I spent an entire year of high school doodling Sarah Newbury, Sarah Spencer, and Sarah Montgomery in my notebook, and that was only when I was taking a break from imagining what versions of our children would look like.

My little cherub face with their everything else?

The only result of that union would be completely, off-the-wall adorable—

—and she is, I thought, stroking Nari’s hair.

A small part of me wanted to know which version of my fantasy came true—

—with the wrong sister.

I let out a rough breath, feeling the question I truly needed to ask coming up my throat. “Do you have any brothers or sisters, baby girl?”

She tossed her head. “No. I want a sister, but you won’t let me have one.”

I barked a startled laugh at her directness. Oh yes, I loved this girl.

“And does... Omma have a brother or sister?”

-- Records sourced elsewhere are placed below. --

(* Let $\mathcal{H}$ be a supersolvable arrangement of rank $n\ge 3$ with decomposition $\mathcal{H}=\mathcal{H}_0\sqcup\mathcal{H}_1$ as in the definition of supersolvability, and let $\rho:\mathcal{R}(\mathcal{H})\to\mathcal{R}(\mathcal{H}_0)$ map every region of $\mathcal{H}$ to the region of $\mathcal{H}_0$ containing it. Then: (i) for any $R\in\mathcal{R}(\mathcal{H}_0)$, the subgraph of $G(\mathcal{H})$ induced by $\rho^{-1}(R)$ is a path of length $|\mathcal{H}_1|$; (ii) if $R,R'\in\mathcal{R}(\mathcal{H}_0)$ are adjacent in $G(\mathcal{H}_0)$, then, writing $\ell=|\mathcal{H}_1|$, the two paths $\rho^{-1}(R)$ and $\rho^{-1}(R')$ can be enumerated along the paths as $A_0,\dots,A_\ell$ and $B_0,\dots,B_\ell$ such that $\{A_0,B_0\}$ and $\{A_\ell,B_\ell\}$ are edges of $G(\mathcal{H})$ and every edge of $G(\mathcal{H})$ between the two paths is of the form $\{A_i,B_i\}$ for some $i$; (iii) if $R,R'\in\mathcal{R}(\mathcal{H}_0)$ are not adjacent in $G(\mathcal{H}_0)$, then there are no edges of $G(\mathcal{H})$ between $\rho^{-1}(R)$ and $\rho^{-1}(R')$.
   Context: A hyperplane arrangement is a finite set of linear hyperplanes in $\mathbb{R}^d$; its rank is the dimension of the span of the normals; $\mathcal{R}(\mathcal{H})$ denotes its set of regions (connected components of the complement of the union of the hyperplanes), and $G(\mathcal{H})$ its graph of regions (regions adjacent iff separated by exactly one hyperplane). An arrangement of rank $n$ is supersolvable if $n\le 2$, or $n\ge 3$ and $\mathcal{H}=\mathcal{H}_0\sqcup\mathcal{H}_1$ with both parts nonempty, $\mathcal{H}_0$ supersolvable of rank $n-1$, and for any distinct $H',H''\in\mathcal{H}_1$ some $H\in\mathcal{H}_0$ satisfies $H'\cap H''\subseteq H$. The length of a path is its number of edges. *)

theory Defs
  imports "HOL-Analysis.Analysis"
begin

definition lin_hyperplane :: "'a::euclidean_space set \<Rightarrow> bool" where
  "lin_hyperplane H \<longleftrightarrow> (\<exists>a. a \<noteq> 0 \<and> H = {x. a \<bullet> x = 0})"

definition arrangement :: "'a::euclidean_space set set \<Rightarrow> bool" where
  "arrangement \<H> \<longleftrightarrow> finite \<H> \<and> (\<forall>H\<in>\<H>. lin_hyperplane H)"

definition arr_rank :: "'a::euclidean_space set set \<Rightarrow> nat" where
  "arr_rank \<H> = dim {a. a \<noteq> 0 \<and> (\<exists>H\<in>\<H>. H = {x. a \<bullet> x = 0})}"

definition regions :: "'a::euclidean_space set set \<Rightarrow> 'a set set" where
  "regions \<H> = components (UNIV - \<Union>\<H>)"

definition separates :: "'a::euclidean_space set \<Rightarrow> 'a set \<Rightarrow> 'a set \<Rightarrow> bool" where
  "separates H R R' \<longleftrightarrow> (\<exists>a. H = {x. a \<bullet> x = 0} \<and> (\<forall>x\<in>R. a \<bullet> x > 0) \<and> (\<forall>y\<in>R'. a \<bullet> y < 0))
                        \<or> (\<exists>a. H = {x. a \<bullet> x = 0} \<and> (\<forall>x\<in>R. a \<bullet> x < 0) \<and> (\<forall>y\<in>R'. a \<bullet> y > 0))"

definition region_adj :: "'a::euclidean_space set set \<Rightarrow> 'a set \<Rightarrow> 'a set \<Rightarrow> bool" where
  "region_adj \<H> R R' \<longleftrightarrow> R \<in> regions \<H> \<and> R' \<in> regions \<H> \<and>
     card {H\<in>\<H>. separates H R R'} = 1"

definition modular_cond :: "'a::euclidean_space set set \<Rightarrow> 'a set set \<Rightarrow> bool" where
  "modular_cond \<H>0 \<H>1 \<longleftrightarrow>
     (\<forall>H'\<in>\<H>1. \<forall>H''\<in>\<H>1. H' \<noteq> H'' \<longrightarrow> (\<exists>H\<in>\<H>0. H' \<inter> H'' \<subseteq> H))"

inductive supersolvable :: "'a::euclidean_space set set \<Rightarrow> bool" where
  base: "arrangement \<H> \<Longrightarrow> arr_rank \<H> \<le> 2 \<Longrightarrow> supersolvable \<H>"
| step: "arrangement \<H> \<Longrightarrow> arr_rank \<H> \<ge> 3 \<Longrightarrow> \<H> = \<H>0 \<union> \<H>1 \<Longrightarrow> \<H>0 \<inter> \<H>1 = {} \<Longrightarrow>
         \<H>0 \<noteq> {} \<Longrightarrow> \<H>1 \<noteq> {} \<Longrightarrow> supersolvable \<H>0 \<Longrightarrow> arr_rank \<H>0 = arr_rank \<H> - 1 \<Longrightarrow>
         modular_cond \<H>0 \<H>1 \<Longrightarrow> supersolvable \<H>"

definition rho :: "'a::euclidean_space set set \<Rightarrow> 'a set \<Rightarrow> 'a set" where
  "rho \<H>0 A = (THE R. R \<in> regions \<H>0 \<and> A \<subseteq> R)"

text \<open>A is an enumeration A 0, ..., A l of the vertex set S such that the subgraph
  of adj induced by S is the path A 0 - A 1 - ... - A l (of length l).\<close>
definition path_enum :: "('v \<Rightarrow> 'v \<Rightarrow> bool) \<Rightarrow> 'v set \<Rightarrow> nat \<Rightarrow> (nat \<Rightarrow> 'v) \<Rightarrow> bool" where
  "path_enum adj S l A \<longleftrightarrow> bij_betw A {0..l} S \<and>
     (\<forall>i\<le>l. \<forall>j\<le>l. adj (A i) (A j) \<longleftrightarrow> (i = Suc j \<or> j = Suc i))"

end

theory Submission
  imports Defs
begin

text \<open>Fix normals for the hyperplanes: regions become the cells of constant sign vector, and two
  regions are adjacent iff their sign vectors differ in exactly one hyperplane. The rank drop and the
  modular condition give a vector v on every hyperplane of H0 and on none of H1; orient the normals
  of H1 to be 1 at v. Over a region R of H0 the modular condition (two hyperplanes of H1 meet only
  inside the union of H0) forces the H1-parts of the sign vectors to form a chain, and the line
  through a point of R in direction v crosses the hyperplanes of H1 one at a time, so all
  card H1 + 1 levels of the chain occur: the fiber over R is a path ordered by level. An edge between
  two fibers changes exactly one H0-sign and no H1-sign, so it lies over an edge of the graph of H0
  and joins regions of equal level; levels 0 and card H1 are the all-negative and all-positive
  H1-sign vectors, which gives the two end edges.\<close>

lemma segment_ivt_hyperplane:
  assumes "a \<bullet> x \<le> b" "b \<le> a \<bullet> y"
  shows "\<exists>z\<in>closed_segment x y. a \<bullet> z = b"
  using connected_ivt_hyperplane[OF connected_segment _ _ assms] by auto

lemma card_sym_diff_nested:
  assumes "finite P" "finite Q" "P \<subseteq> Q \<or> Q \<subseteq> P"
  shows "card (sym_diff P Q) = (card P - card Q) + (card Q - card P)"
  using assms(3)
proof
  assume "P \<subseteq> Q"
  then have "sym_diff P Q = Q - P" "card P \<le> card Q"
    using card_mono[OF assms(2)] by auto
  then show ?thesis using \<open>P \<subseteq> Q\<close> assms by (simp add: card_Diff_subset finite_subset)
next
  assume "Q \<subseteq> P"
  then have "sym_diff P Q = P - Q" "card Q \<le> card P"
    using card_mono[OF assms(1)] by auto
  then show ?thesis using \<open>Q \<subseteq> P\<close> assms by (simp add: card_Diff_subset finite_subset)
qed

lemma ex_cut_with_card_below:
  fixes T :: "'a::unbounded_dense_linorder set"
  assumes "finite T" "m \<le> card T"
  shows "\<exists>t. t \<notin> T \<and> card {u\<in>T. u < t} = m"
  using assms
proof (induction T arbitrary: m rule: finite_linorder_max_induct)
  case empty
  then show ?case by simp
next
  case (insert b A)
  show ?case
  proof (cases "m = card A + 1")
    case True
    obtain t where "b < t" using gt_ex by blast
    then have "{u\<in>insert b A. u < t} = insert b A" "t \<notin> insert b A"
      using insert.hyps by auto
    then show ?thesis using True insert.hyps by (intro exI[of _ t]) auto
  next
    case False
    then have "m \<le> card A" using insert by (auto simp: card_insert_if)
    then obtain t where t: "t \<notin> A" "card {u\<in>A. u < t} = m" using insert.IH by blast
    obtain c where c: "\<forall>a\<in>A. a < c" "c < b"
    proof (cases "A = {}")
      case True
      then show ?thesis using that lt_ex by blast
    next
      case False
      then obtain c where "Max A < c" "c < b" using dense insert by (meson Max_in)
      then show ?thesis using that insert.hyps(1) by (meson Max_ge le_less_trans)
    qed
    have "{u\<in>insert b A. u < min t c} = {u\<in>A. u < t}"
      using c by (auto simp: min_less_iff_conj)
    moreover have "min t c \<notin> insert b A"
      using c t(1) by (cases "t \<le> c") (auto simp: min_def)
    ultimately show ?thesis using t(2) by (intro exI[of _ "min t c"]) simp
  qed
qed

lemma ex_in_subspace_avoiding_subspaces:
  fixes X :: "'a::real_vector set"
  assumes "subspace X" "finite F" "\<forall>S\<in>F. subspace S \<and> \<not> X \<subseteq> S"
  shows "\<exists>v\<in>X. \<forall>S\<in>F. v \<notin> S"
  using assms(2,3)
proof (induction F rule: finite_induct)
  case empty
  then show ?case using subspace_0[OF assms(1)] by blast
next
  case (insert S F)
  then obtain v where v: "v \<in> X" "\<forall>T\<in>F. v \<notin> T" by auto
  obtain w where w: "w \<in> X" "w \<notin> S" using insert.prems by blast
  have at_most_one: "s = t" if T: "T \<in> insert S F" and "v + s *\<^sub>R w \<in> T" "v + t *\<^sub>R w \<in> T" for T s t
  proof (rule ccontr)
    assume "s \<noteq> t"
    have T_sub: "subspace T" using T insert.prems by blast
    have "(v + s *\<^sub>R w) - (v + t *\<^sub>R w) \<in> T"
      using subspace_diff[OF T_sub that(2,3)] .
    then have "(s - t) *\<^sub>R w \<in> T" by (simp add: algebra_simps)
    then have "inverse (s - t) *\<^sub>R ((s - t) *\<^sub>R w) \<in> T" by (rule subspace_scale[OF T_sub])
    then have "w \<in> T" using \<open>s \<noteq> t\<close> by simp
    moreover have "(v + s *\<^sub>R w) - s *\<^sub>R w \<in> T"
      using subspace_diff[OF T_sub that(2) subspace_scale[OF T_sub \<open>w \<in> T\<close>]] .
    then have "v \<in> T" by simp
    ultimately show False using T v w by blast
  qed
  define bad where "bad = (\<Union>T\<in>insert S F. {t. v + t *\<^sub>R w \<in> T})"
  have "finite {t. v + t *\<^sub>R w \<in> T}" if "T \<in> insert S F" for T
  proof -
    have "{t. v + t *\<^sub>R w \<in> T} = {} \<or> (\<exists>t. {t. v + t *\<^sub>R w \<in> T} = {t})"
      using at_most_one[OF that] by blast
    then show ?thesis by auto
  qed
  then have "finite bad" unfolding bad_def using insert.hyps by blast
  then obtain t where t: "t \<notin> bad" using ex_new_if_finite[OF infinite_UNIV_char_0] by blast
  have "v + t *\<^sub>R w \<in> X" using v w assms(1) subspace_add subspace_scale by blast
  moreover have "\<forall>T\<in>insert S F. v + t *\<^sub>R w \<notin> T" using t unfolding bad_def by blast
  ultimately show ?case by (rule bexI[rotated])
qed

lemma not_in_span_orthogonal_witness:
  fixes a :: "'a::euclidean_space"
  assumes "a \<notin> span A"
  shows "\<exists>z. (\<forall>b\<in>A. b \<bullet> z = 0) \<and> a \<bullet> z \<noteq> 0"
proof -
  obtain y z where yz: "y \<in> span A" "\<And>w. w \<in> span A \<Longrightarrow> orthogonal z w" "a = y + z"
    using orthogonal_subspace_decomp_exists by blast
  have "b \<bullet> z = 0" if "b \<in> A" for b
    using yz(2)[OF span_base[OF that]] by (simp add: orthogonal_def inner_commute)
  moreover have "a \<bullet> z = z \<bullet> z"
    using yz(2)[OF yz(1)] yz(3) by (simp add: orthogonal_def inner_add_left inner_add_right inner_commute)
  moreover have "z \<noteq> 0" using yz assms by auto
  ultimately show ?thesis by (intro exI[of _ z]) auto
qed

lemma lin_hyperplane_subspace: "lin_hyperplane H \<Longrightarrow> subspace H"
  unfolding lin_hyperplane_def using subspace_hyperplane by blast

lemma lin_hyperplane_subset_imp_eq:
  assumes "lin_hyperplane H" "lin_hyperplane K" "H \<subseteq> K"
  shows "H = K"
proof -
  obtain a b where "a \<noteq> 0" "H = {x. a \<bullet> x = 0}" "b \<noteq> 0" "K = {x. b \<bullet> x = 0}"
    using assms(1,2) unfolding lin_hyperplane_def by blast
  then show ?thesis
    using assms(3) by (intro subspace_dim_equal) (auto simp: dim_hyperplane subspace_hyperplane)
qed

lemma hyperplane_inter_subset_imp_subset:
  assumes G: "lin_hyperplane G" and "subspace H" "subspace K"
    and z: "z \<in> H" "z \<in> K" "z \<notin> G" and "H \<inter> G \<subseteq> K"
  shows "H \<subseteq> K"
proof
  fix x assume "x \<in> H"
  obtain g where g: "G = {x. g \<bullet> x = 0}" using G unfolding lin_hyperplane_def by blast
  define x' where "x' = x - ((g \<bullet> x) / (g \<bullet> z)) *\<^sub>R z"
  have "g \<bullet> z \<noteq> 0" using z g by blast
  then have "x' \<in> G" unfolding x'_def g by (simp add: inner_diff_right)
  moreover have "x' \<in> H" unfolding x'_def using \<open>x \<in> H\<close> z \<open>subspace H\<close>
    by (simp add: subspace_diff subspace_scale)
  ultimately have "x' \<in> K" using \<open>H \<inter> G \<subseteq> K\<close> by blast
  then show "x \<in> K" unfolding x'_def using z \<open>subspace K\<close>
    by (metis diff_add_cancel subspace_add subspace_scale)
qed

section \<open>Regions as sign cells\<close>

definition normals :: "('a::euclidean_space set \<Rightarrow> 'a) \<Rightarrow> 'a set set \<Rightarrow> bool" where
  "normals N S \<longleftrightarrow> (\<forall>H\<in>S. N H \<noteq> 0 \<and> H = {x. N H \<bullet> x = 0})"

She cocked her head the other way. “Grandma?”

“No, me,” I corrected. “Do I have a brother or sister?”

“Nuh-uh.” Her denial crashed on my head like a ton of bricks.

“Just Mommy. Grandma wanted one perfect child, just like Mommy wanted one perfect child.” Nari said it in a tone like she was repeating something she’d been told many times before.

“So I can’t have a sister because you don’t have one, but that’s not fair, Mommy. I still want one.”

I didn’t lose my smile. “Of course you do, baby. I always wanted a brother too.”

Leaning back, I tipped my head to the ceiling so Nari wouldn’t see me seethe.

The worst part was that I wasn’t even surprised, and I didn’t even blame Sue.

Sue couldn’t erase me from my childhood home and my hometown... unless my mother did it for her.

How could you live in the same home as your grandmother and believe she only had one child, unless she let you believe it?

It’s also the only explanation for why her husbands don’t know they’re not talking to their wife.

When a carbon copy of your wife walks through the door, your brain takes a shortcut to the simplest explanation: This is your wife.

It doesn’t think this is your wife’s secret twin sister that she brought home to surprise us so she could also get off on crushing her sister’s feelings one last time.